Pentraxin 3 (PTX-3), from the same family as CRP (pentraxins), is another biomarker of CVD. PTX-3 has been shown to regulate the inflammatory response in atherosclerosis [8]. Data from animal models indicate that the inflammatory reaction of the vascular wall and macrophage accumulation in the plaque may be related to PTX-3 [9]. An association between elevated PTX-3 levels and increased CVD risk and mortality has been reported in the healthy population [10]. Cell adhesion molecules are believed to mediate the vascular effects of PTX-3 [11].

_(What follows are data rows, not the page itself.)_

(* Let $f:\mathbb R^n\to\mathbb R$ be continuously differentiable, and let $\{x^k\}$ be generated by a linesearch method $x^{k+1}=x^k+t_kd^k$ ($k\in\mathbb N$) with stepsizes $t_k\ge 0$ and directions $d^k\in\mathbb R^n$ such that: (a) $\{d^k\}$ is gradient associated with $\{x^k\}$; (b) $0$ is an accumulation point of $\{d^k\}$; (c) $\sum_{k=1}^\infty t_k\|d^k\|^2<\infty$. Then every accumulation point of $\{x^k\}$ is a stationary point of $f$ (i.e. $\nabla f(\bar x)=0$). Moreover, if $\{t_k\}$ is bounded from above, then: (i) if $\{x^k\}$ is bounded, the set of accumulation points of $\{x^k\}$ is nonempty, compact, and connected; (ii) if $\{x^k\}$ has an isolated accumulation point, then the whole sequence $\{x^k\}$ converges to it.
   Context: A direction sequence $\{d^k\}$ is called gradient associated with $\{x^k\}$ if for every infinite set $J\subset\mathbb N$, $d^k\to0$ as $k\to\infty,\ k\in J$ implies $\nabla f(x^k)\to 0$ as $k\to\infty,\ k\in J$. *)

theory Defs
  imports "HOL-Analysis.Analysis"
begin

definition accum_point :: "(nat \<Rightarrow> 'a::topological_space) \<Rightarrow> 'a \<Rightarrow> bool" where
  "accum_point x a \<longleftrightarrow> (\<exists>r. strict_mono r \<and> (x \<circ> r) \<longlonglongrightarrow> a)"

text \<open>Gradient associated directions; gradf is the gradient of f.
  Limits along an infinite index set J use the filter sequentially restricted to J.\<close>
definition gradient_associated ::
  "('a::real_normed_vector \<Rightarrow> 'a) \<Rightarrow> (nat \<Rightarrow> 'a) \<Rightarrow> (nat \<Rightarrow> 'a) \<Rightarrow> bool" where
  "gradient_associated gradf d x \<longleftrightarrow>
     (\<forall>J::nat set. infinite J \<longrightarrow>
        (d \<longlongrightarrow> 0) (inf sequentially (principal J)) \<longrightarrow>
        ((\<lambda>k. gradf (x k)) \<longlongrightarrow> 0) (inf sequentially (principal J)))"

end

theory Submission
  imports Defs
begin

(* Part 1. Suppose gradf a \<noteq> 0 at an accumulation point a. By continuity gradf stays away from 0
   on a ball around a, so, the directions being gradient associated, the d k stay away from 0
   (say \<ge> \<delta>) while x k is in that ball. There the step length t k * \<parallel>d k\<parallel> is at most
   t k * \<parallel>d k\<parallel>\<^sup>2 / \<delta>, a summable quantity, so once x comes close enough to a late enough it can
   never leave the ball. But along a subsequence with d \<rightarrow> 0 the gradients tend to 0, which is
   impossible inside the ball.

   Parts (i) and (ii) hold for every sequence with dist (x (Suc k)) (x k) \<rightarrow> 0, which bounded
   stepsizes force. The key point is that a real sequence with vanishing increments that passes
   infinitely often from below \<alpha> to above \<beta> visits [\<alpha>, \<beta>) infinitely often. Applied to the
   distance from an isolated accumulation point a, or from one part A1 of a separation of the
   set of accumulation points, this produces a further accumulation point at a forbidden
   distance. *)

lemma ex_strict_mono_frequently:
  fixes P :: "nat \<Rightarrow> nat \<Rightarrow> bool"
  assumes "\<And>m. frequently (P m) sequentially"
  obtains s where "strict_mono s" "\<And>m. P m (s m)"
proof -
  obtain pick where pick: "\<And>m N. pick m N \<ge> N \<and> P m (pick m N)"
    using assms unfolding frequently_sequentially by metis
  define s where "s = rec_nat (pick 0 0) (\<lambda>m p. pick (Suc m) (Suc p))"
  have s0: "s 0 = pick 0 0" and sS: "\<And>m. s (Suc m) = pick (Suc m) (Suc (s m))"
    by (simp_all add: s_def)
  have "strict_mono s"
    unfolding strict_mono_Suc_iff using pick sS by (metis Suc_le_lessD)
  moreover have "P m (s m)" for m
    by (cases m) (use pick s0 sS in auto)
  ultimately show thesis using that by blast
qed

lemma filtermap_sequentially_strict_mono:
  assumes "strict_mono s"
  shows "filtermap s sequentially = inf sequentially (principal (range s))"
proof (rule filter_eqI)
  fix P
  show "eventually P (filtermap s sequentially) \<longleftrightarrow> eventually P (inf sequentially (principal (range s)))"
    unfolding eventually_filtermap eventually_inf_principal
  proof
    assume "\<forall>\<^sub>F m in sequentially. P (s m)"
    then obtain M where M: "\<And>m. m \<ge> M \<Longrightarrow> P (s m)"
      unfolding eventually_sequentially by blast
    have "P k" if "s M \<le> k" "k \<in> range s" for k
      using that M strict_mono_less_eq[OF assms] by auto
    then show "\<forall>\<^sub>F k in sequentially. k \<in> range s \<longrightarrow> P k"
      unfolding eventually_sequentially by blast
  next
    assume "\<forall>\<^sub>F k in sequentially. k \<in> range s \<longrightarrow> P k"
    from eventually_subseq[OF assms this] show "\<forall>\<^sub>F m in sequentially. P (s m)"
      by simp
  qed
qed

Angiogenesis and endothelial dysfunction are the major inflammatory pathways associated with atherosclerosis. Many biomarkers (PTX-3, E-selectin, angiopoietin, endothelial cell specific molecule 1, asymmetrical dimethylarginine, von Willebrand factor) can be used to evaluate endothelial dysfunction which is the earlier phase of vascular diseases [12]. An upregulation of CAMs is associated with increasing in angiogenesis. The expression of angiogenic factors (vascular endothelial growth factor (VEGF), fibroblast growth factor (FGF), platelet-derived growth factor (PDGF) angiopoietins, and soluble CAMs) and anti-angiogenic factors (angiostatin, endostatin, PTX-3) is regulated by proinflammatory cytokines in rheumatic diseases, there by promoting angiogenesis in atherosclerotic plaques [13].

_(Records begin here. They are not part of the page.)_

definition walk_mat :: "real mat" where
  "walk_mat = mat n n (\<lambda>(i, j). \<Sum>k. (A ^\<^sub>m k) $$ (i, j))"

context
  assumes lt_one: "s < 1"
begin

lemma power_entry_summable:
  assumes "i < n" "j < n"
  shows "summable (\<lambda>k. (A ^\<^sub>m k) $$ (i, j))"
proof (rule summable_comparison_test[OF _ summable_geometric[of s]])
  have "s \<ge> 0" using row_sum[of i] nonneg assms by (metis sum_nonneg lessThan_iff)
  then show "norm s < 1" using lt_one by simp
  show "\<exists>N. \<forall>k\<ge>N. norm ((A ^\<^sub>m k) $$ (i, j)) \<le> s ^ k"
    using power_entry_le power_nonneg assms by auto
qed

lemma walk_mat_partial_sums:
  "i < n \<Longrightarrow> j < n \<Longrightarrow> (\<lambda>N. \<Sum>k<N. (A ^\<^sub>m k) $$ (i, j)) \<longlonglongrightarrow> walk_mat $$ (i, j)"
  using summable_LIMSEQ[OF power_entry_summable] by (simp add: walk_mat_def)

lemma walk_mat_inverse: "walk_mat * (1\<^sub>m n - A) = 1\<^sub>m n"
proof (rule eq_matI)
  fix i j assume "i < dim_row (1\<^sub>m n :: real mat)" "j < dim_col (1\<^sub>m n :: real mat)"
  then have i: "i < n" and j: "j < n" by auto
  let ?R = walk_mat
  have R: "?R \<in> carrier_mat n n" by (simp add: walk_mat_def)
  have "(?R * (1\<^sub>m n - A)) $$ (i, j) = (?R * 1\<^sub>m n - ?R * A) $$ (i, j)"
    by (simp add: mult_minus_distrib_mat[OF R one_carrier_mat carrier])
  also have "\<dots> = ?R $$ (i, j) - (\<Sum>m<n. ?R $$ (i, m) * A $$ (m, j))"
    using R carrier i j index_mult_mat_sum[OF R carrier i j] by simp
  also have "(\<Sum>m<n. ?R $$ (i, m) * A $$ (m, j)) = (\<Sum>k. \<Sum>m<n. (A ^\<^sub>m k) $$ (i, m) * A $$ (m, j))"
    using i power_entry_summable[OF i]
    by (subst suminf_sum) (auto simp: walk_mat_def suminf_mult2 intro!: summable_mult2 sum.cong)
  also have "\<dots> = (\<Sum>k. (A ^\<^sub>m Suc k) $$ (i, j))"
    using index_mult_mat_sum[OF pow_carrier_mat[OF carrier] carrier i j] by simp
  also have "\<dots> = ?R $$ (i, j) - 1\<^sub>m n $$ (i, j)"
    using suminf_split_head[OF power_entry_summable[OF i j]] i j carrier
    by (simp add: walk_mat_def)
  finally show "(?R * (1\<^sub>m n - A)) $$ (i, j) = 1\<^sub>m n $$ (i, j)" by simp
qed (use carrier in \<open>simp_all add: walk_mat_def\<close>)

end

lemma power_pos_of_path:
  assumes "(i, j) \<in> {(u, v). u < n \<and> v < n \<and> A $$ (u, v) > 0}\<^sup>*" and "i < n"
  shows "j < n \<and> (\<exists>k. (A ^\<^sub>m k) $$ (i, j) > 0)"
  using assms(1)
proof (induction rule: rtrancl_induct)
  case base
  then show ?case using assms(2) carrier by (intro conjI exI[of _ 0]) auto
next
  case (step u v)
  then obtain k where u: "u < n" and k: "(A ^\<^sub>m k) $$ (i, u) > 0" by auto
  from step(2) have v: "v < n" and a: "A $$ (u, v) > 0" by auto
  have "(A ^\<^sub>m k) $$ (i, u) * A $$ (u, v) \<le> (\<Sum>m<n. (A ^\<^sub>m k) $$ (i, m) * A $$ (m, v))"
    using power_nonneg nonneg u v assms(2) by (intro member_le_sum) auto
  also have "\<dots> = (A ^\<^sub>m Suc k) $$ (i, v)"
    using index_mult_mat_sum[OF pow_carrier_mat[OF carrier] carrier assms(2) v] by simp
  finally have "(A ^\<^sub>m Suc k) $$ (i, v) > 0" using k a
    by (meson less_le_trans mult_pos_pos)
  then show ?case using v by blast
qed

lemma walk_mat_pos:
  assumes "s < 1" "i < n" "j < n"
    and "(i, j) \<in> {(u, v). u < n \<and> v < n \<and> A $$ (u, v) > 0}\<^sup>*"
  shows "walk_mat $$ (i, j) > 0"
proof -
  obtain k where k: "(A ^\<^sub>m k) $$ (i, j) > 0" using power_pos_of_path assms(2,4) by blast
  have "(\<Sum>k\<in>{k}. (A ^\<^sub>m k) $$ (i, j)) \<le> (\<Sum>k. (A ^\<^sub>m k) $$ (i, j))"
    using power_entry_summable power_nonneg assms(1-3) by (intro sum_le_suminf) auto
  then show ?thesis using k assms(2,3) by (simp add: walk_mat_def)
qed

end

definition loop_mat :: "nat \<Rightarrow> (nat \<Rightarrow> real) \<Rightarrow> real mat" where
  "loop_mat n lw = mat n n (\<lambda>(i, j). if i = j then lw i else 0)"

lemma loop_balancing:
  fixes W :: "real mat"
  assumes W: "W \<in> carrier_mat n n" and W_nonneg: "\<And>i j. i < n \<Longrightarrow> j < n \<Longrightarrow> W $$ (i, j) \<ge> 0"
  obtains c lw s where "c > 0" "\<forall>i<n. lw i \<ge> 0" "s < 1"
    "\<And>i. i < n \<Longrightarrow> (\<Sum>j<n. (c \<cdot>\<^sub>m W + loop_mat n lw) $$ (i, j)) = s"
    "1\<^sub>m n - (c \<cdot>\<^sub>m W + loop_mat n lw) = c \<cdot>\<^sub>m (1\<^sub>m n + laplacian n W)"
proof -
  define d where "d i = (\<Sum>k<n. W $$ (i, k))" for i
  define M where "M = (\<Sum>i<n. d i)"
  define c where "c = 1 / (1 + M)"
  define lw where "lw i = c * (M - d i)" for i
  have d_nonneg: "d i \<ge> 0" if "i < n" for i
    unfolding d_def using W_nonneg that by (auto intro: sum_nonneg)
  have d_le: "d i \<le> M" if "i < n" for i
    unfolding M_def using d_nonneg that by (intro member_le_sum) auto
  have "M \<ge> 0" unfolding M_def using d_nonneg by (auto intro: sum_nonneg)
  then have c_pos: "c > 0" and cM: "c * M = 1 - c"
    unfolding c_def by (simp_all add: field_simps)
  have entry: "(c \<cdot>\<^sub>m W + loop_mat n lw) $$ (i, j) = c * W $$ (i, j) + (if i = j then lw i else 0)"
    and entry_minus: "(1\<^sub>m n - (c \<cdot>\<^sub>m W + loop_mat n lw)) $$ (i, j)
      = (if i = j then 1 else 0) - (c * W $$ (i, j) + (if i = j then lw i else 0))"
    if "i < n" "j < n" for i j
    using W that by (simp_all add: loop_mat_def)
  show thesis
  proof
    show "c > 0" by (fact c_pos)
    show "\<forall>i<n. lw i \<ge> 0" unfolding lw_def using c_pos d_le by simp
    show "c * M < 1" using cM c_pos by simp
    show "(\<Sum>j<n. (c \<cdot>\<^sub>m W + loop_mat n lw) $$ (i, j)) = c * M" if "i < n" for i
      using that by (simp add: entry sum.distrib sum_distrib_left[symmetric] d_def[symmetric]
          lw_def algebra_simps)
    show "1\<^sub>m n - (c \<cdot>\<^sub>m W + loop_mat n lw) = c \<cdot>\<^sub>m (1\<^sub>m n + laplacian n W)"
    proof (rule eq_matI)
      fix i j assume "i < dim_row (c \<cdot>\<^sub>m (1\<^sub>m n + laplacian n W))"
        "j < dim_col (c \<cdot>\<^sub>m (1\<^sub>m n + laplacian n W))"
      then have i: "i < n" and j: "j < n" by (simp_all add: laplacian_def)
      show "(1\<^sub>m n - (c \<cdot>\<^sub>m W + loop_mat n lw)) $$ (i, j) = (c \<cdot>\<^sub>m (1\<^sub>m n + laplacian n W)) $$ (i, j)"
        using i j W cM
        by (simp add: entry_minus laplacian_def d_def[symmetric] lw_def algebra_simps)
    qed (simp_all add: laplacian_def loop_mat_def)
  qed
qed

Angiogenesis is also an essential stage in the pathogenesis of PsA. In a clinical study comparing the joint microenvironments of patients with PsA and those with rheumatoid arthritis (RA), pro-angiogenic factors including VCAM-1, ICAM-1, E-Selectin were found to be significantly more expressed in the PsA synovial fibroblast culture (PsA SFC) than in the RA SFC [14]. Since neo-angiogenesis plays an important role in the progression of both atherosclerotic plaque and synovial inflammation, CAMs and PTX-3 may predict CVD in patients with PsA. The performance of PTX-3 and CAMs as candidate biomarkers of atherosclerosis has not previously been studied together in patients with PsA. The aim of this study was to determine the relationship between serum VCAM-1, ICAM-1, E-selectin, PTX-3 levels and CIMT in PsA patients without CV comorbidity.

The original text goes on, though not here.